Their stories open in 1930s India, where Elsie lives with her authoritarian missionary husband and their children. Returning to the American Midwest as a teenager, Kathryn feels alienated and restless. When she loses her mother prematurely to a stroke, she escapes to Oregon for a fresh start. Disappointed that her education was cut short by her father, and dreaming of becoming a writer, she supports herself as a waitress in wartime America, dating soldiers, then meeting and marrying Finnish–American Carl. A construction worker sixteen years her senior, he is an unlikely match, though appealing in his care – free ways and stark difference from her Mennonite past. But Kathryn ends up feeling trapped in the marriage, her ambitions thwarted. Samantha, who’s grown up in the atmosphere of her mother’s discontent, follows her own career to teach at a university in faraway Boston, where she maintains a happy family of her own.

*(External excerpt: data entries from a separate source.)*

lemma continuous_on_upper_Gamma:
  assumes a: "a > 0"
  shows "continuous_on {0..b} (upper_Gamma a)"
proof -
  have integrable: "set_integrable lborel S (Gamma_integrand a)"
    if "S \<in> sets borel" "S \<subseteq> {0..}" for S
    using set_integrable_subset[OF set_integrable_Gamma_integrand[OF a order_refl]] that by simp
  have upper_Gamma_eq: "upper_Gamma a x = Gamma a - integral {0..x} (Gamma_integrand a)"
    if "0 \<le> x" for x
  proof -
    have "{0..x} = {0..<x} \<union> {x}" using that by auto
    then have "(LBINT t:{0..x}. Gamma_integrand a t)
        = (LBINT t:{0..<x}. Gamma_integrand a t) + (LBINT t:{x}. Gamma_integrand a t)"
      by (simp only:) (rule set_integral_Un; auto intro!: integrable)
    moreover have "(LBINT t:{x}. Gamma_integrand a t) = 0"
      using set_integral_at_point[OF integrable] that by simp
    ultimately show ?thesis
      using upper_Gamma_split[OF a order_refl that] upper_Gamma_zero[OF a]
        set_borel_integral_eq_integral(2)[OF integrable[of "{0..x}"]] by auto
  qed
  have "continuous_on {0..b} (\<lambda>x. Gamma a - integral {0..x} (Gamma_integrand a))"
    using set_borel_integral_eq_integral(1)[OF integrable[of "{0..b}"]]
    by (intro continuous_intros indefinite_integral_continuous_1) auto
  then show ?thesis by (rule continuous_on_eq) (simp add: upper_Gamma_eq)
qed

When Kathryn starts to fail, Samantha moves her mother near her to care for, and then to watch over her deathbed, where “something in the room— the spell, the cord knitting them together—is cut. Or no, that can’t be right, either.” Ultraviolet is a lyrical novel of great emotional depth. Suzanne Matson recognizes both the drama that is within every existence and the strengths and fragilities of our relationships with others. She shines a brilliant light on the complexities of marriage, motherhood, aging, and the end of life.
PUBLISHERS WEEKLY
Matson (The Tree-Sitter) follows the disappointments and dilemmas of the women of one family across 80 years in this fascinating and stirring novel. Born in 1930s India, Kathryn sloughs off her austere Mennonite missionary upbringing after returning to America. Kathryn moves to Portland, Ore., and dates a string of servicemen until she meets Carl, a former communist sheet metal worker who's 16 years older than her. She follows him to a temporary work assignment in Los Angeles, where they marry. After returning to Portland, Kathryn struggles with miscarriages; Carl's sprawling, Finnish-speaking family; and Carl's irregular work. Kathryn's second child, Samantha, grows up amid her mother's curdling resentment and is forced to care for her elderly father after her parents' long-postponed divorce. Matson glides through her characters' lives in almost self-contained chapters punctuated by explosions of burnished emotion: the quick fracturing of a family sledding trip, the casual cruelty of a spoiled neighbor girl, the awkwardness of a mother-daughter trip to Vegas. History minimally intrudes and is generally used to heighten sentiments, such as the Black Dahlia case, which serves to highlight Kathryn's vulnerability, and a Vietnam War protest that captures Samantha's shaky coming-of-age. Readers will latch onto the unforgettable characters of this accomplished saga of the shifting personal and historical complications of American womanhood.